The third research question concerned the developmental trends of implicit and explicit knowledge of specific grammatical structures. The results suggest that implicit and explicit knowledge of only one grammatical structure verb 3rdperson -s improved significantly across year levels. Students in Year 3 did significantly better on verb 3rdperson -s than those in Year 1 and Year 2. For the other sixteen structures in terms of both implicit and explicit knowledge, no significant improvement was found across year levels. This finding is significant in that it documented the development of these 17 grammatical structures across proficiency levels in adult English learners in the context of China. It is difficult to say why and what exactly contributed to the significant improvement of implicit and explicit knowledge of this particular structure verb 3rdperson -s across year levels instead of the others. Further study of a longitudinal rather than cross-sectional design on the development of these grammatical structures in terms of both implicit and explicit knowledge would be more revealing about the process of acquisition.

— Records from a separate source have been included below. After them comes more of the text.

(* The eight functions $q^{Z_i},q^{Z_j},q^{Z_k},h_1,h_2,k,f^{X_i},f^{X_j}$ on $TN$ defined below are (i) functionally independent, i.e. $dq^{Z_i}\wedge dq^{Z_j}\wedge dq^{Z_k}\wedge dh_1\wedge dh_2\wedge dk\wedge df^{X_i}\wedge df^{X_j}\neq0$ on an open dense subset of $TN$, and (ii) pairwise Poisson commute with respect to the symplectic form on $TN$ obtained from the canonical symplectic form on $T^*N$ via the identification $TN\cong T^*N$ induced by $g$.
   Context: Let $\mathfrak v$ have orthonormal basis $X_i,X_j,Y_i,Y_j,Y_k$, $\mathfrak z$ orthonormal basis $Z_i,Z_j,Z_k$, $\mathfrak n=\mathfrak v\oplus\mathfrak z$ orthogonal, with two-step nilpotent bracket ($\mathfrak z$ central, $[\mathfrak v,\mathfrak v]\subseteq\mathfrak z$) whose only nonzero basis brackets up to antisymmetry are $[X_i,Y_j]=Z_k$, $[X_i,Y_k]=-Z_j$, $[X_j,Y_i]=-Z_k$, $[X_j,Y_k]=Z_i$. $N$ is the simply connected Lie group with Lie algebra $\mathfrak n$, $g$ the left invariant metric from the inner product. Elements of $N$ are written $(v,z):=\exp(v+z)$; $TN$ is identified with $N\times\mathfrak n$ via left translation. Two functions $f,h$ Poisson commute if $\omega(X_f,X_h)=0$, where $df=\omega(\cdot,X_f)$. Let $\mathfrak x=\mathrm{span}\{X_i,X_j\}$, $\mathfrak y=\mathrm{span}\{Y_i,Y_j,Y_k\}$, $V_{\mathfrak x},V_{\mathfrak y}$ components of $V\in\mathfrak v$. For $Z=Z_c=c_iZ_i+c_jZ_j+c_kZ_k$: $E_1(Z)=c_iX_i+c_jX_j$, $E_2(Z)=-c_jY_i+c_iY_j$, $E_3(Z)=|c|(c_jX_i-c_iX_j)$, $E_4(Z)=c_k(c_iY_i+c_jY_j)-(c_i^2+c_j^2)Y_k$, $Y(Z)=c_iY_i+c_jY_j+c_kY_k$; for $c_k\neq0$, $C(Z):\mathfrak y\to\mathfrak x$ has matrix $(c_k|c|^2)^{-1}\begin{pmatrix}-c_ic_j & c_i^2+c_k^2 & -c_jc_k\\ -c_j^2-c_k^2 & c_ic_j & c_ic_k\end{pmatrix}$ w.r.t. $(Y_i,Y_j,Y_k)$, $(X_i,X_j)$; $\phi(x)=e^{-1/x^2}$ ($\phi(0)=0$), $\Phi(Z_c)=\phi(c_k|c|^2)$. At $((v,z),V+Z)$: $q^W=\langle Z,W\rangle$ ($W\in\{Z_i,Z_j,Z_k\}$), $h_1=\langle V,E_1(Z)\rangle^2+\langle V,E_2(Z)\rangle^2$, $h_2=\langle V,E_3(Z)\rangle^2+\langle V,E_4(Z)\rangle^2$, $k=\langle V,Y(Z)\rangle$, and $f^X$ ($X\in\{X_i,X_j\}$) equals $0$ if $c_k=0$ and $\Phi(Z)\sin(2\pi\langle X,v_{\mathfrak x}-C(Z)V_{\mathfrak y}\rangle)$ otherwise. *)

theory Defs
  imports "HOL-Analysis.Analysis"
begin

text \<open>The Lie algebra n is modelled as real^idx with its standard inner product,
  for which the basis vectors (axis b 1) are orthonormal.\<close>

datatype idx = Xi | Xj | Yi | Yj | Yk | Zi | Zj | Zk

lemma UNIV_idx: "(UNIV :: idx set) = {Xi, Xj, Yi, Yj, Yk, Zi, Zj, Zk}"
  using idx.exhaust by auto

instance idx :: finite
  by standard (simp add: UNIV_idx)

type_synonym nvec = "real ^ idx"

definition bv :: "idx \<Rightarrow> nvec" where
  "bv b = axis b 1"

definition xproj :: "nvec \<Rightarrow> nvec" where
  "xproj U = (\<chi> b. if b \<in> {Xi, Xj} then U $ b else 0)"
definition yproj :: "nvec \<Rightarrow> nvec" where
  "yproj U = (\<chi> b. if b \<in> {Yi, Yj, Yk} then U $ b else 0)"
definition vproj :: "nvec \<Rightarrow> nvec" where
  "vproj U = (\<chi> b. if b \<in> {Xi, Xj, Yi, Yj, Yk} then U $ b else 0)"
definition zproj :: "nvec \<Rightarrow> nvec" where
  "zproj U = (\<chi> b. if b \<in> {Zi, Zj, Zk} then U $ b else 0)"

text \<open>The Lie bracket: bilinear, antisymmetric, z central, [v,v] in z, with
  [X_i,Y_j]=Z_k, [X_i,Y_k]=-Z_j, [X_j,Y_i]=-Z_k, [X_j,Y_k]=Z_i and all other
  basis brackets (up to antisymmetry) zero.\<close>

definition brk :: "nvec \<Rightarrow> nvec \<Rightarrow> nvec" where
  "brk a b = (\<chi> l. (case l of
       Zi \<Rightarrow> a$Xj * b$Yk - a$Yk * b$Xj
     | Zj \<Rightarrow> - (a$Xi * b$Yk - a$Yk * b$Xi)
     | Zk \<Rightarrow> (a$Xi * b$Yj - a$Yj * b$Xi) - (a$Xj * b$Yi - a$Yi * b$Xj)
     | _ \<Rightarrow> 0))"

text \<open>An element exp(w) of N (w = v + z in n) is represented by w. For a two-step
  nilpotent group, exp(a) exp(b) = exp(a + b + 1/2 [a,b]).\<close>

definition mult :: "nvec \<Rightarrow> nvec \<Rightarrow> nvec" where
  "mult a b = a + b + (1/2) *\<^sub>R brk a b"

text \<open>Differential at the identity of left translation by w: it sends the
  left-invariant vector U in n to the coordinate tangent vector at w.
  (Justified by the lemma below.)  TN is identified with N x n via this map.\<close>

definition ltr :: "nvec \<Rightarrow> nvec \<Rightarrow> nvec" where
  "ltr w U = U + (1/2) *\<^sub>R brk w U"

lemma linear_brk_left: "linear (brk w)"
  by (rule linearI) (auto simp: brk_def vec_eq_iff algebra_simps split: idx.splits)

lemma linear_ltr: "linear (ltr w)"
  unfolding ltr_def
  by (intro linear_compose_add linear_ident linear_compose_scale_right linear_brk_left)

lemma mult_has_derivative_ltr: "(mult w has_derivative ltr w) (at 0)"
proof -
  have "mult w = (\<lambda>h. w + ltr w h)"
    by (auto simp: mult_def ltr_def fun_eq_iff)
  moreover have "((\<lambda>h. w + ltr w h) has_derivative ltr w) (at 0)"
    using linear_ltr[of w]
    by (auto intro!: derivative_eq_intros simp: linear_imp_has_derivative)
  ultimately show ?thesis by simp
qed

text \<open>A point ((v,z), V+Z) of TN is a pair (w, U) of elements of n, where w = v + z
  gives the base point exp(w) and U = V + Z is the left-trivialised tangent vector.
  Z = c_i Z_i + c_j Z_j + c_k Z_k.\<close>

type_synonym tpt = "nvec \<times> nvec"

definition ncz :: "nvec \<Rightarrow> real" where
  "ncz Z = sqrt ((Z$Zi)^2 + (Z$Zj)^2 + (Z$Zk)^2)"

definition E1 :: "nvec \<Rightarrow> nvec" where
  "E1 Z = (Z$Zi) *\<^sub>R bv Xi + (Z$Zj) *\<^sub>R bv Xj"
definition E2 :: "nvec \<Rightarrow> nvec" where
  "E2 Z = (- Z$Zj) *\<^sub>R bv Yi + (Z$Zi) *\<^sub>R bv Yj"
definition E3 :: "nvec \<Rightarrow> nvec" where
  "E3 Z = ncz Z *\<^sub>R ((Z$Zj) *\<^sub>R bv Xi - (Z$Zi) *\<^sub>R bv Xj)"
definition E4 :: "nvec \<Rightarrow> nvec" where
  "E4 Z = (Z$Zk) *\<^sub>R ((Z$Zi) *\<^sub>R bv Yi + (Z$Zj) *\<^sub>R bv Yj)
          - ((Z$Zi)^2 + (Z$Zj)^2) *\<^sub>R bv Yk"
definition YZ :: "nvec \<Rightarrow> nvec" where
  "YZ Z = (Z$Zi) *\<^sub>R bv Yi + (Z$Zj) *\<^sub>R bv Yj + (Z$Zk) *\<^sub>R bv Yk"

text \<open>C(Z) : y \<rightarrow> x (for c_k \<noteq> 0), given by its matrix w.r.t. (Y_i,Y_j,Y_k), (X_i,X_j).\<close>

definition CZ :: "nvec \<Rightarrow> nvec \<Rightarrow> nvec" where
  "CZ Z Y = (let ci = Z$Zi; cj = Z$Zj; ck = Z$Zk; d = ck * (ncz Z)^2 in
      (((- (ci * cj)) * Y$Yi + (ci^2 + ck^2) * Y$Yj + (- (cj * ck)) * Y$Yk) / d) *\<^sub>R bv Xi
    + (((- (cj^2) - ck^2) * Y$Yi + (ci * cj) * Y$Yj + (ci * ck) * Y$Yk) / d) *\<^sub>R bv Xj)"
lemma M_countable_span: "\<exists>B. countable B \<and> M.span B = UNIV"
proof -
  obtain B where B: "countable B" "G.span B = UNIV"
    using countable_dim unfolding countable_dim_def by blast
  define orbit where "orbit = (\<lambda>xs. foldr rho xs h0) ` lists B"
  have "countable orbit" unfolding orbit_def using B(1) by auto
  have rho_orbit: "rho x v \<in> orbit" if x: "x \<in> B" and v: "v \<in> orbit" for x v
  proof -
    obtain xs where "xs \<in> lists B" "v = foldr rho xs h0" using v unfolding orbit_def by auto
    then show ?thesis using x unfolding orbit_def by (auto intro!: image_eqI[of _ _ "x # xs"])
  qed
  have rho_span_basis: "rho x w \<in> M.span orbit" if x: "x \<in> B" and w: "w \<in> M.span orbit" for x w
    using w
  proof (induction rule: M.span_induct_alt)
    case (step c v w)
    then show ?case using rho_orbit[OF x step(1)]
      by (simp add: rho_add_right rho_scale_right M.span_add M.span_scale M.span_base)
  qed (simp add: M.span_zero)
  have rho_span: "rho x w \<in> M.span orbit" if w: "w \<in> M.span orbit" for x w
  proof -
    have "x \<in> G.span B" using B(2) by simp
    then show ?thesis
    proof (induction rule: G.span_induct_alt)
      case (step c y z)
      then show ?case using rho_span_basis[OF step(1) w]
        by (simp add: rho_add_left rho_scale_left M.span_add M.span_scale)
    qed (simp add: M.span_zero)
  qed
  have "h0 \<in> M.span orbit" unfolding orbit_def by (auto intro!: M.span_base image_eqI[of _ _ "[]"])
  moreover have "M.span orbit = {0} \<or> M.span orbit = UNIV"
    by (rule M_irreducible[OF M.subspace_span]) (rule rho_span)
  ultimately have "M.span orbit = UNIV" using h0_nonzero by auto
  then show ?thesis using \<open>countable orbit\<close> by blast
qed

definition b_hom :: "('m \<Rightarrow> 'm) \<Rightarrow> bool" where
  "b_hom f \<longleftrightarrow> (\<forall>h\<in>H. \<forall>h'\<in>H. f (h + h') = f h + f h') \<and> (\<forall>c. \<forall>h\<in>H. f (sm c h) = sm c (f h))
     \<and> (\<forall>x\<in>b. \<forall>h\<in>H. f (rho x h) = rho x (f h))"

Comparing the scores for implicit and explicit knowledge on each grammatical structure allows us to see whether there were any grammatical structures that are easy in terms of one type of knowledge (implicit or explicit) but difficult in terms of the other type (R. Ellis, 2006b). This study found that 12 grammatical structures (i.e., unreal conditionals, comparative, indefinite article, embedded questions, plural, question tags, verb 3rdperson -s, regular past tense -ed, since/for, possessive -s, relative clauses, and verb complement) were significantly easier in terms of explicit knowledge than they were in terms of implicit knowledge. This implies that L2 learners in this EFL context may very well know the rules for these structures but have difficulty in using them accurately spontaneously. Conversely, when it comes to the structure of modals, with the testing point being that modals should be followed by the base form of the main verb, it was significantly easier in terms of implicit knowledge. For yes/no question, ergative verbs, dative alternation and adverb placement, no significant difference was found in scores between implicit and explicit measures. These results of this study with the support of inferential statistical analysis further confirmed the previous finding by R. Ellis (2006b) that the level of difficulty of grammatical structures varied according to whether it was implicit or explicit knowledge of the structures involved.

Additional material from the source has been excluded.